Exercise data:
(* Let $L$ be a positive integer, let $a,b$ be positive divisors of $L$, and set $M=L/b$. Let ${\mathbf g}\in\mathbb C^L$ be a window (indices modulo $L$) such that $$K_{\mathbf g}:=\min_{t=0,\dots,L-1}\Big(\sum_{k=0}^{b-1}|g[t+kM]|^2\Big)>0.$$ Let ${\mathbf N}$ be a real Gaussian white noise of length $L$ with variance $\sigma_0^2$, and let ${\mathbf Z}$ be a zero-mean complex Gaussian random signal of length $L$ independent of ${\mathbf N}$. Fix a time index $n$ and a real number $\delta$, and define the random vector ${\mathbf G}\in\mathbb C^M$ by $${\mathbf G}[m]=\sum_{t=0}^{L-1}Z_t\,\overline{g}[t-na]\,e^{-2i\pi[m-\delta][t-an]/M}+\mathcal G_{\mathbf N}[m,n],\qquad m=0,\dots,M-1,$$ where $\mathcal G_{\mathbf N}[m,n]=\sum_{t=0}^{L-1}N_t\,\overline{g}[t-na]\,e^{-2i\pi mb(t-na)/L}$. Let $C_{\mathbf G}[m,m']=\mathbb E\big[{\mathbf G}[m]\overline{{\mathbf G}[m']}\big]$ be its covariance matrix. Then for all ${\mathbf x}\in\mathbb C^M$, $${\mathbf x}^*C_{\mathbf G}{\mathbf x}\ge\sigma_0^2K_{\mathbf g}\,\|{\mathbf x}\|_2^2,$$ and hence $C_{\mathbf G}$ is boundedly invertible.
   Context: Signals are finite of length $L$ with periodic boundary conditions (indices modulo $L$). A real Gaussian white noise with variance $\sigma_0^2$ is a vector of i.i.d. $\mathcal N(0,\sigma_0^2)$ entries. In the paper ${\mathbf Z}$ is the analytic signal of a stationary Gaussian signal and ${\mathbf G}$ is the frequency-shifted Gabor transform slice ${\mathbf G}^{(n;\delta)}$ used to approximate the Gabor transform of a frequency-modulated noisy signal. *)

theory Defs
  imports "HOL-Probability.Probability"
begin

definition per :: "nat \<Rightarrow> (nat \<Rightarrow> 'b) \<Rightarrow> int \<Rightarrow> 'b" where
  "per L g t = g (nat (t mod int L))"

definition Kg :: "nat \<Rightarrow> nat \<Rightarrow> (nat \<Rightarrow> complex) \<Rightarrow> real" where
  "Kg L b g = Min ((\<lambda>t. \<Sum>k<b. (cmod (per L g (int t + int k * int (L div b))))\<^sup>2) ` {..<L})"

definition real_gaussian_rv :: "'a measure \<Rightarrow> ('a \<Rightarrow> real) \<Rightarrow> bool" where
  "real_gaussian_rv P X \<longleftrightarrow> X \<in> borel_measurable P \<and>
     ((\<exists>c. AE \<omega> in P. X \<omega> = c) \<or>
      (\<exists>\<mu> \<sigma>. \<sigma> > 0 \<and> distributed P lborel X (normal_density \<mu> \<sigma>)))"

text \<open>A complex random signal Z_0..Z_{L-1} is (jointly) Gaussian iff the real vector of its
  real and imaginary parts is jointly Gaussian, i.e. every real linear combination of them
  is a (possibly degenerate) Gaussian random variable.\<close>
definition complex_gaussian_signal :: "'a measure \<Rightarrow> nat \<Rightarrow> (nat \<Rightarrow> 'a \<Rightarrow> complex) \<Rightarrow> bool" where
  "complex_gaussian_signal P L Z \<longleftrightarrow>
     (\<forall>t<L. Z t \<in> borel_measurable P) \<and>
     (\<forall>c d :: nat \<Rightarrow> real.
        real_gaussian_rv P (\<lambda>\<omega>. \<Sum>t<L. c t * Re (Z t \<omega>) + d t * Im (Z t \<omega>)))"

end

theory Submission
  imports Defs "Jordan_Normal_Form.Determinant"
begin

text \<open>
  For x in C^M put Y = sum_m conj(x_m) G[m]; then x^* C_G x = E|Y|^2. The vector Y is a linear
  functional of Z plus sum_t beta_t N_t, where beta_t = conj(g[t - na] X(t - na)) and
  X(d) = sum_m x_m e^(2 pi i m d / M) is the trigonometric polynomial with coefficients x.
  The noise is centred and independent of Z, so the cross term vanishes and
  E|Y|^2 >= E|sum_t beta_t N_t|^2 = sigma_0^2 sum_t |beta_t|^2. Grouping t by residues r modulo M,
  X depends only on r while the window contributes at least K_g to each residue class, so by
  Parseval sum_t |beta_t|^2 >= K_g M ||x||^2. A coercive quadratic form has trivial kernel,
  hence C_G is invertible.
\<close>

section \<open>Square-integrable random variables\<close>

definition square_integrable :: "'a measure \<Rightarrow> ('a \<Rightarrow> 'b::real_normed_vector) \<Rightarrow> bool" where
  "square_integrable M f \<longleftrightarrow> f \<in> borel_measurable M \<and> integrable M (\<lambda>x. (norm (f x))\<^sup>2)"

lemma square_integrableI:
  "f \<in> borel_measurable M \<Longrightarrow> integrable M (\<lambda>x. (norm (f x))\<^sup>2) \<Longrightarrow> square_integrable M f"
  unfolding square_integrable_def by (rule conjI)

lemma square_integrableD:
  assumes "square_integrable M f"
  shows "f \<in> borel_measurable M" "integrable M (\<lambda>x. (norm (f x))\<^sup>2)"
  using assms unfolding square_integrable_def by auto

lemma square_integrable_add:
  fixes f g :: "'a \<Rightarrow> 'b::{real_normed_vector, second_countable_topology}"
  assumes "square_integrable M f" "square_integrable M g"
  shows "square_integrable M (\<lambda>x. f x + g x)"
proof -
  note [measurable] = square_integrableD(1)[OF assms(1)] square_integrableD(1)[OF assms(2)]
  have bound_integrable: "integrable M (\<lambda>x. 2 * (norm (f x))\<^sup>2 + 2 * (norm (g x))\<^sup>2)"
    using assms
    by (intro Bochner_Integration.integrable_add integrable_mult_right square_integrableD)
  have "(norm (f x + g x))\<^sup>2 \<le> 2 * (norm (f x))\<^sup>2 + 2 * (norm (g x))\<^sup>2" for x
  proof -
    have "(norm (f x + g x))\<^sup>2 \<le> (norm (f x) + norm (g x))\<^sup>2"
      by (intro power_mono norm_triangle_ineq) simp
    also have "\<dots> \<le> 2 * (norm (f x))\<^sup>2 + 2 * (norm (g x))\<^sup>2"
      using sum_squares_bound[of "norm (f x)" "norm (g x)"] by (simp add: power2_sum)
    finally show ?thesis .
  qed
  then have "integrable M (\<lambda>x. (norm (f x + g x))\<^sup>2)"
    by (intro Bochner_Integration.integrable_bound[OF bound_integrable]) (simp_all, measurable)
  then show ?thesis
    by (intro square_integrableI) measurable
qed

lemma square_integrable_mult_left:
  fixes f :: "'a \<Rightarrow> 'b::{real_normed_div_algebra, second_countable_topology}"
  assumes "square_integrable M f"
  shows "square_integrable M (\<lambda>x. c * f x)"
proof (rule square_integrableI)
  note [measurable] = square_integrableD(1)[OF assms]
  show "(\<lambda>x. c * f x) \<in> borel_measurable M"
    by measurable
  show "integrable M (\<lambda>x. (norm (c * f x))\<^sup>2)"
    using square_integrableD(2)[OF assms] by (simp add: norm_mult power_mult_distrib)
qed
--
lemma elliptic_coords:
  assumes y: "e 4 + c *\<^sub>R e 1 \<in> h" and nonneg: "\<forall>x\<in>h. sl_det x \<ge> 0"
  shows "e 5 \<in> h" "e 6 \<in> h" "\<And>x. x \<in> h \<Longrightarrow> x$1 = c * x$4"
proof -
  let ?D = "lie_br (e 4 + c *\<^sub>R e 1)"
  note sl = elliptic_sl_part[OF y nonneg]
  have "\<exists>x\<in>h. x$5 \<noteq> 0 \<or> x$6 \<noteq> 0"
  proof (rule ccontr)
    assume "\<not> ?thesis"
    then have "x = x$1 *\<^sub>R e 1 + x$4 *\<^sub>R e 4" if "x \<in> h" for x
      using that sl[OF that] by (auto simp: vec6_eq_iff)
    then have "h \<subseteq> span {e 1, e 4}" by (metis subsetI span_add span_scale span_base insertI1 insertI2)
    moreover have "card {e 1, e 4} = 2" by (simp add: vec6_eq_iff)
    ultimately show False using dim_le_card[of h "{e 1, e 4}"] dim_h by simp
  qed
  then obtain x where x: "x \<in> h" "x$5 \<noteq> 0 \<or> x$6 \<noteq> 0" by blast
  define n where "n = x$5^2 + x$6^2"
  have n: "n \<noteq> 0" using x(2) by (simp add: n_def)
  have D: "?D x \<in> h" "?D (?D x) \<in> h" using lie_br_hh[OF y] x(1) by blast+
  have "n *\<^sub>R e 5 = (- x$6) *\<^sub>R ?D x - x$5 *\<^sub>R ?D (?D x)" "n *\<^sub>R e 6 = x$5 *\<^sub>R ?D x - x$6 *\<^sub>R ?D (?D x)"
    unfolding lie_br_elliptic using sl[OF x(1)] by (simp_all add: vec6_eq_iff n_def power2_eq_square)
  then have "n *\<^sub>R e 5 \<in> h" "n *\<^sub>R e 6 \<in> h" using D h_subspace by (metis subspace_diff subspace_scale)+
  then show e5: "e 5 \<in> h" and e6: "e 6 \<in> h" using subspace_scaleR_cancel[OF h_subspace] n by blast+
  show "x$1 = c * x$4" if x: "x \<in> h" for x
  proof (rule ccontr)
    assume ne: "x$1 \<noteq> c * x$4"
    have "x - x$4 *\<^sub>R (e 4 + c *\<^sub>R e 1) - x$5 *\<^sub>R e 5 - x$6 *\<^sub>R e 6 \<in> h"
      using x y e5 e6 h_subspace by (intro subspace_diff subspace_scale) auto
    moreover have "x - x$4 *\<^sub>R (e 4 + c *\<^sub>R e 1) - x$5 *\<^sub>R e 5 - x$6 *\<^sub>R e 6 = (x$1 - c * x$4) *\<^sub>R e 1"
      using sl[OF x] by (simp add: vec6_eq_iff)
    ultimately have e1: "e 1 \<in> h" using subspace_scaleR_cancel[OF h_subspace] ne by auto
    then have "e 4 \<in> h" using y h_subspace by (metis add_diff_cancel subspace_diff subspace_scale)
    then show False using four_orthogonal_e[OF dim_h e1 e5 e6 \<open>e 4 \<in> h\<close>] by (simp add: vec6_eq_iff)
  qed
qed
==
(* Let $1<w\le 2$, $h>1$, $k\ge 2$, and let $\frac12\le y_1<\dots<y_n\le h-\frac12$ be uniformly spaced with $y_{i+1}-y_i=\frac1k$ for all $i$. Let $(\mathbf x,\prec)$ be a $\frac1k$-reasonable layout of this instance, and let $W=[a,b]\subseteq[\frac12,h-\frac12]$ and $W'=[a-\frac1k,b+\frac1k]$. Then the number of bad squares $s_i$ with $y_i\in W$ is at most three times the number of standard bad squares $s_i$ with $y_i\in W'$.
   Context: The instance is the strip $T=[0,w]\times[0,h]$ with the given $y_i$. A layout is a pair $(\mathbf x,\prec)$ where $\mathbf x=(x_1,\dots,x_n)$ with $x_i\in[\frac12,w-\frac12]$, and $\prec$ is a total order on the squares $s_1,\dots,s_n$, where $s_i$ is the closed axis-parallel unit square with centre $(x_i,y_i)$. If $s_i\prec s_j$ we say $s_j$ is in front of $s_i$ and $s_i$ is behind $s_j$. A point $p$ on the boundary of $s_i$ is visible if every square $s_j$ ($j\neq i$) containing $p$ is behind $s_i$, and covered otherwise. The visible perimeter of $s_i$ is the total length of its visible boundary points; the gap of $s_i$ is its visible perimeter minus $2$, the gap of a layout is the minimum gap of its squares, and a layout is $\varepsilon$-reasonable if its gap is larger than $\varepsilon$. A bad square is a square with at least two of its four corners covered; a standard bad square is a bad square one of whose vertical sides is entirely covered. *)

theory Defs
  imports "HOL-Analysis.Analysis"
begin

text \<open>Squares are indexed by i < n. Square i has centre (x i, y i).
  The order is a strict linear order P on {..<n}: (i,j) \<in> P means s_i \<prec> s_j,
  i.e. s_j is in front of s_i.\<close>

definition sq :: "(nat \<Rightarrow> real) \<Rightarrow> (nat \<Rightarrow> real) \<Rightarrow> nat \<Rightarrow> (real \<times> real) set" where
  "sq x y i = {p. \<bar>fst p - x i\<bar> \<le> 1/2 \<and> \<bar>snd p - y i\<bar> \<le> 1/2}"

Task directions: Where a line above holds the word "moreover", copy it.

Task solution:
    moreover have "card {e 1, e 4} = 2" by (simp add: vec6_eq_iff)
    moreover have "x - x$4 *\<^sub>R (e 4 + c *\<^sub>R e 1) - x$5 *\<^sub>R e 5 - x$6 *\<^sub>R e 6 = (x$1 - c * x$4) *\<^sub>R e 1"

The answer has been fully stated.